Assigned task =
I need the number of lines in the listing below that contain "bsub", and only that number.

(Supplied material)

lemma coset_limit_map_ultrapower_surj:
  "coset_limit_map (ultrapower A U) (\<lambda>n. star_set A U (J n)) ` carrier (ultrapower A U) = carrier Star.lim"
proof -
  have "f \<in> coset_limit_map (ultrapower A U) (\<lambda>n. star_set A U (J n)) ` carrier (ultrapower A U)"
    if f: "f \<in> carrier Star.lim" for f
  proof -
    obtain Z where Z: "\<And>n. Z n \<in> carrier (ultrapower A U)"
      and fZ: "\<And>n. f n = star_set A U (J n) +>\<^bsub>ultrapower A U\<^esub> Z n"
      and dZ: "\<And>n. Z (Suc n) \<ominus>\<^bsub>ultrapower A U\<^esub> Z n \<in> star_set A U (J n)"
      using Star.coset_limit_representatives[OF f] by metis
    obtain x where x: "\<And>n. x n \<in> carrier (seq_ring A)" and Zx: "\<And>n. Z n = seq_class (x n)"
      using Z unfolding carrier_ultrapower by (simp add: image_iff) metis
    have diff: "eventually (\<lambda>k. x (Suc n) k \<ominus> x n k \<in> J n) U" for n
      using dZ[of n] x seq_class_mem_star_set_iff[of "\<lambda>k. x (Suc n) k \<ominus> x n k"]
      by (simp add: Zx seq_class_minus)
    have "\<And>n k. x n k \<in> carrier A" using x by simp
    then obtain y where "\<And>k. y k \<in> carrier A" and y_x: "\<And>n. eventually (\<lambda>k. y k \<ominus> x n k \<in> J n) U"
      using diagonal_sequence[OF free_ultrafilter_nat_eventually_ge[OF free_U] _ diff] by blast
    then have y: "y \<in> carrier (seq_ring A)" by simp
    have "coset_limit_map (ultrapower A U) (\<lambda>n. star_set A U (J n)) (seq_class y) = f"
      unfolding coset_limit_map_def fun_eq_iff fZ Zx using star_set_rcos_eq_iff[OF y x] y_x by blast
    then show ?thesis using seq_class.hom_closed[OF y] by blast
  qed
  moreover have "coset_limit_map (ultrapower A U) (\<lambda>n. star_set A U (J n)) ` carrier (ultrapower A U)
      \<subseteq> carrier Star.lim"
    using ring_hom_closed[OF Star.coset_limit_map_hom] by blast
  ultimately show ?thesis by blast
qed

theorem coset_limit_ultrapower_iso:
  "Star.lim \<simeq> ultrapower A U Quot (\<Inter>n. star_set A U (J n))"
  by (rule Star.coset_limit_iso_FactRing_Inter[OF coset_limit_map_ultrapower_surj])

lemma ideal_Inter_star_set: "ideal (\<Inter>n. star_set A U (J n)) (ultrapower A U)"
  using seq_class.S.i_Intersect[of "range (\<lambda>n. star_set A U (J n))"] Star.ideal_J by auto

lemma Inter_star_set_rcos_eq_iff:
  assumes x: "x \<in> carrier (seq_ring A)" and y: "y \<in> carrier (seq_ring A)"
  shows "(\<Inter>n. star_set A U (J n)) +>\<^bsub>ultrapower A U\<^esub> seq_class x
           = (\<Inter>n. star_set A U (J n)) +>\<^bsub>ultrapower A U\<^esub> seq_class y
       \<longleftrightarrow> (\<forall>n. eventually (\<lambda>k. x k \<ominus> y k \<in> J n) U)"
proof -
  have "(\<lambda>k. x k \<ominus> y k) \<in> carrier (seq_ring A)" using x y by simp
  then show ?thesis
    using seq_class.S.quotient_eq_iff_same_a_r_cos[OF ideal_Inter_star_set
        seq_class.hom_closed[OF x] seq_class.hom_closed[OF y]]
      seq_class_minus[OF x y] seq_class_mem_star_set_iff by simp
qed

end

locale adic_ultrapower = ring_ultrapower +
  fixes I :: "'a set"
  assumes ideal_I: "ideal I A"
begin

sublocale ultrapower_chain A U "\<lambda>n. ideal_pow A I (Suc n)"
  by (rule ultrapower_chain.intro[OF ring_ultrapower_axioms])
    (use ideal_chain_ideal_pow[OF ideal_I] in \<open>simp add: ideal_chain_def\<close>)

lemma mu0_eq: "mu0 A U I = (\<Inter>n. star_set A U (ideal_pow A I (Suc n)))"
  by (simp add: mu0_def greaterThan_0 image_image)

abbreviation diag_mod_mu0 :: "'a \<Rightarrow> (nat \<Rightarrow> 'a) set set" where
  "diag_mod_mu0 a \<equiv> mu0 A U I +>\<^bsub>ultrapower A U\<^esub> star_diag A U a"

lemma diag_mod_mu0_hom: "diag_mod_mu0 \<in> ring_hom A (ultrapower A U Quot mu0 A U I)"
proof -
  have "(\<lambda>a k. a) \<in> ring_hom A (seq_ring A)" by (rule ring_hom_memI) auto
  then have "star_diag A U \<in> ring_hom A (ultrapower A U)"
    using ring_hom_trans[OF _ seq_class.homh] by (simp add: comp_def star_diag_eq)
  then show ?thesis
    using ring_hom_trans[OF _ ideal.rcos_ring_hom[OF ideal_Inter_star_set]]
    by (simp add: comp_def mu0_eq)
qed

lemma diag_mod_mu0_eq_iff:
  assumes "a \<in> carrier A" "b \<in> carrier A"
  shows "diag_mod_mu0 a = diag_mod_mu0 b \<longleftrightarrow> adic_canon A I a = adic_canon A I b"
proof -
  have "diag_mod_mu0 a = diag_mod_mu0 b \<longleftrightarrow> (\<forall>n. a \<ominus> b \<in> ideal_pow A I (Suc n))"
    using Inter_star_set_rcos_eq_iff[of "\<lambda>k. a" "\<lambda>k. b"] assms free_ultrafilter_nat_proper[OF free_U]
    by (simp add: star_diag_def mu0_eq)
  then show ?thesis using coset_limit_map_eq_iff[OF assms] by (simp add: adic_canon_eq)
qed

lemma carrier_ultrapower_Quot_mu0:
  "carrier (ultrapower A U Quot mu0 A U I)
     = (\<lambda>x. mu0 A U I +>\<^bsub>ultrapower A U\<^esub> seq_class x) ` carrier (seq_ring A)"
  unfolding carrier_FactRing carrier_ultrapower by (simp add: image_image)

lemma mu0_rcos_eq_diag_iff:
  assumes "x \<in> carrier (seq_ring A)" "a \<in> carrier A"
  shows "mu0 A U I +>\<^bsub>ultrapower A U\<^esub> seq_class x = diag_mod_mu0 a
     \<longleftrightarrow> (\<forall>n. eventually (\<lambda>k. x k \<ominus> a \<in> ideal_pow A I (Suc n)) U)"
  using Inter_star_set_rcos_eq_iff[of x "\<lambda>k. a"] assms by (simp add: star_diag_def mu0_eq)

lemma finite_quotient_if_diag_mod_mu0_surj:
  assumes surj: "diag_mod_mu0 ` carrier A = carrier (ultrapower A U Quot mu0 A U I)"
  shows "finite (carrier (A Quot ideal_pow A I (Suc n)))"
proof (rule ccontr)
  assume "infinite (carrier (A Quot ideal_pow A I (Suc n)))"
  then obtain g :: "nat \<Rightarrow> 'a set" where g: "inj g" "range g \<subseteq> carrier (A Quot ideal_pow A I (Suc n))"
    using infinite_countable_subset by blast
  then have "\<forall>k. \<exists>v\<in>carrier A. g k = ideal_pow A I (Suc n) +> v"
    unfolding carrier_FactRing by blast
  then obtain x where x: "\<And>k. x k \<in> carrier A" and gx: "\<And>k. g k = ideal_pow A I (Suc n) +> x k"
    by metis
  then have xS: "x \<in> carrier (seq_ring A)" by simp
  then obtain a where a: "a \<in> carrier A"
    and "mu0 A U I +>\<^bsub>ultrapower A U\<^esub> seq_class x = diag_mod_mu0 a"
    using surj unfolding carrier_ultrapower_Quot_mu0 by (metis (no_types, lifting) imageE image_eqI)
  then have "eventually (\<lambda>k. x k \<ominus> a \<in> ideal_pow A I (Suc n)) U"
    using mu0_rcos_eq_diag_iff[OF xS a] by blast
  then have "eventually (\<lambda>k. g k = ideal_pow A I (Suc n) +> a) U"
    by eventually_elim (simp add: gx quotient_eq_iff_same_a_r_cos[OF ideal_J x a])
  then show False using free_ultrafilter_nat_not_eventually_const[OF free_U g(1)] by blast
qed

lemma diag_mod_mu0_surj_if_finite_quotients:
  assumes comp: "adic_complete A I"
    and fin: "\<And>n. finite (carrier (A Quot ideal_pow A I (Suc n)))"
  shows "diag_mod_mu0 ` carrier A = carrier (ultrapower A U Quot mu0 A U I)"
proof
  show "diag_mod_mu0 ` carrier A \<subseteq> carrier (ultrapower A U Quot mu0 A U I)"
    using ring_hom_closed[OF diag_mod_mu0_hom] by blast
  show "carrier (ultrapower A U Quot mu0 A U I) \<subseteq> diag_mod_mu0 ` carrier A"
  proof
    fix z assume "z \<in> carrier (ultrapower A U Quot mu0 A U I)"
    then obtain x where x: "x \<in> carrier (seq_ring A)" and z: "z = mu0 A U I +>\<^bsub>ultrapower A U\<^esub> seq_class x"
      unfolding carrier_ultrapower_Quot_mu0 by blast
    have "\<exists>c\<in>carrier (A Quot ideal_pow A I (Suc n)). eventually (\<lambda>k. ideal_pow A I (Suc n) +> x k = c) U" for n
      using free_ultrafilter_nat_finite_range[OF free_U fin] x by (simp add: carrier_FactRing)
    then obtain c where c: "\<And>n. c n \<in> carrier (A Quot ideal_pow A I (Suc n))"
      and xc: "\<And>n. eventually (\<lambda>k. ideal_pow A I (Suc n) +> x k = c n) U"
      by metis
    have "c (Suc n) \<subseteq> c n" for n
    proof -
      obtain k where "ideal_pow A I (Suc n) +> x k = c n" "ideal_pow A I (Suc (Suc n)) +> x k = c (Suc n)"
        using eventually_happens'[OF free_ultrafilter_nat_proper[OF free_U] eventually_conj[OF xc xc]] by blast
      then show ?thesis using rcos_mono[OF J_Suc_subset[of n], of A "x k"] by simp
    qed
    then have "c \<in> carrier (adic_completion A I)"
      using c by (simp add: adic_completion_def coset_limit_def)
    then obtain a where a: "a \<in> carrier A" and ca: "c = adic_canon A I a"
      using adic_canon_surj[OF ideal_I comp] by blast
    have "eventually (\<lambda>k. x k \<ominus> a \<in> ideal_pow A I (Suc n)) U" for n
      using xc[of n]
    proof eventually_elim
      case (elim k)
      have "x k \<in> carrier A" using x by simp
      then show ?case
        using elim quotient_eq_iff_same_a_r_cos[OF ideal_J _ a] by (simp add: ca adic_canon_def)
    qed
    then show "z \<in> diag_mod_mu0 ` carrier A"
      using mu0_rcos_eq_diag_iff[OF x a] z a by blast
  qed
qed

(End Supplied material)

Response for this exercise =
9